→ To do:
Select and copy out every line in the records containing "replicate".

###

theorem theorem2p7:
  fixes R :: "('a, 'r) ring_scheme" and M :: "('a, 'b, 'm) module_scheme"
  assumes "cring R"
    and "Module.module R M"
    and "carrier M \<noteq> {\<zero>\<^bsub>M\<^esub>}"
    and "comultiplication_module R M"
    and "lsg_vertices R M \<noteq> {}"
    and "graph_connected (lsg_vertices R M) (lsg_adj R M)"
  shows "graph_diam (lsg_vertices R M) (lsg_adj R M) \<le> 2"
proof (rule graph_diam_le_2)
  interpret Module.module R M by fact
  fix N K assume "N \<in> lsg_vertices R M" "K \<in> lsg_vertices R M"
  then show "N = K \<or> lsg_adj R M N K \<or> (\<exists>L. lsg_adj R M N L \<and> lsg_adj R M L K)"
    using lsg_common_neighbour[OF assms(4,6)] by blast
qed

end
(* Let $n$ be even, $1\le q_n\le n/2$, $I_n=\{(i_1,\dots,i_{q_n}):1\le i_1<\dots<i_{q_n}\le n\}$, and for $R=(i_1,\dots,i_{q_n})\in I_n$ let $\Psi_R=\psi_{i_1}\cdots\psi_{i_{q_n}}\,i^{\lfloor q_n/2\rfloor}$. Let $\alpha:[k]\to I_n$ and write $\Psi_\alpha=\Psi_{\alpha(1)}\cdots\Psi_{\alpha(k)}$. Then: (i) if every block of $\ker\alpha$ has even size, then $\Psi_\alpha=\pm I$; (ii) for every pair partition $\pi\in\mathcal{P}_2(k)$ with $\ker\alpha\ge\pi$, $$\operatorname{tr}(\Psi_\alpha)=(-1)^{q_n\,cr(\pi)+\sum|\alpha(V)\cap\alpha(W)|},$$ where the sum runs over all unordered pairs $\{V,W\}$ of crossing blocks of $\pi$.
   Context: $\psi_1,\dots,\psi_n$ are Majorana fermions: $2^{n/2}\times2^{n/2}$ matrices with $\psi_i\psi_j+\psi_j\psi_i=2\delta_{ij}I$, realized as $\psi_j=\sigma_3^{\otimes(j-1)}\otimes\sigma_1\otimes 1^{\otimes(n/2-j)}$, $\psi_{n/2+j}=\sigma_3^{\otimes(j-1)}\otimes\sigma_2\otimes 1^{\otimes(n/2-j)}$ with Pauli matrices. $\operatorname{tr}$ is the normalized trace. $\ker\alpha$ is the partition of $[k]=\{1,\dots,k\}$ into nonempty level sets of $\alpha$; for a block $B$ of $\ker\alpha$ (or of a partition below it), $\alpha(B)$ is the common value of $\alpha$ on $B$. $\pi\le\sigma$ means every block of $\pi$ is contained in a block of $\sigma$. $\mathcal{P}_2(k)$ is the set of pair partitions of $[k]$; blocks $\{v_1<v_2\},\{w_1<w_2\}$ cross if $v_1<w_1<v_2<w_2$ or $w_1<v_1<w_2<v_2$, and $cr(\pi)$ is the number of crossing pairs of blocks. For $Q,R\in I_n$, $|Q\cap R|$ is the number of common indices. *)

theory Defs
  imports Complex_Main "Jordan_Normal_Form.Matrix"
begin

definition kron :: "complex mat \<Rightarrow> complex mat \<Rightarrow> complex mat" where
  "kron A B = mat (dim_row A * dim_row B) (dim_col A * dim_col B)
     (\<lambda>(i, j). A $$ (i div dim_row B, j div dim_col B) * B $$ (i mod dim_row B, j mod dim_col B))"

definition kron_list :: "complex mat list \<Rightarrow> complex mat" where
  "kron_list Ms = foldr kron Ms (1\<^sub>m 1)"

definition sigma1 :: "complex mat" where
  "sigma1 = mat_of_rows_list 2 [[0, 1], [1, 0]]"

definition sigma2 :: "complex mat" where
  "sigma2 = mat_of_rows_list 2 [[0, -\<i>], [\<i>, 0]]"

definition sigma3 :: "complex mat" where
  "sigma3 = mat_of_rows_list 2 [[1, 0], [0, -1]]"

definition ntr :: "complex mat \<Rightarrow> complex" where
  "ntr A = (\<Sum>i<dim_row A. A $$ (i, i)) / of_nat (dim_row A)"

definition mat_prod_list :: "nat \<Rightarrow> complex mat list \<Rightarrow> complex mat" where
  "mat_prod_list N Ms = foldr (*) Ms (1\<^sub>m N)"

definition majorana :: "nat \<Rightarrow> nat \<Rightarrow> complex mat" where
  "majorana n j =
    (let m = n div 2 in
     if 1 \<le> j \<and> j \<le> m then
       kron_list (replicate (j - 1) sigma3 @ [sigma1] @ replicate (m - j) (1\<^sub>m 2))
     else
       kron_list (replicate (j - m - 1) sigma3 @ [sigma2] @ replicate (m - (j - m)) (1\<^sub>m 2)))"

text \<open>I_n: increasing q-tuples of indices in [n], represented as q-element subsets of {1..n}
  (an increasing tuple is the same as its set of entries, listed in increasing order).\<close>
definition index_tuples :: "nat \<Rightarrow> nat \<Rightarrow> nat set set" where
  "index_tuples n q = {R. R \<subseteq> {1..n} \<and> card R = q}"

definition Psi :: "nat \<Rightarrow> nat \<Rightarrow> nat set \<Rightarrow> complex mat" where
  "Psi n q R = \<i> ^ (q div 2) \<cdot>\<^sub>m
      mat_prod_list (2 ^ (n div 2)) (map (majorana n) (sorted_list_of_set R))"

definition Psi_alpha :: "nat \<Rightarrow> nat \<Rightarrow> nat \<Rightarrow> (nat \<Rightarrow> nat set) \<Rightarrow> complex mat" where
  "Psi_alpha n q k \<alpha> = mat_prod_list (2 ^ (n div 2)) (map (\<lambda>i. Psi n q (\<alpha> i)) [1..<k+1])"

###

→ Problem solution:
       kron_list (replicate (j - 1) sigma3 @ [sigma1] @ replicate (m - j) (1\<^sub>m 2))
       kron_list (replicate (j - m - 1) sigma3 @ [sigma2] @ replicate (m - (j - m)) (1\<^sub>m 2)))"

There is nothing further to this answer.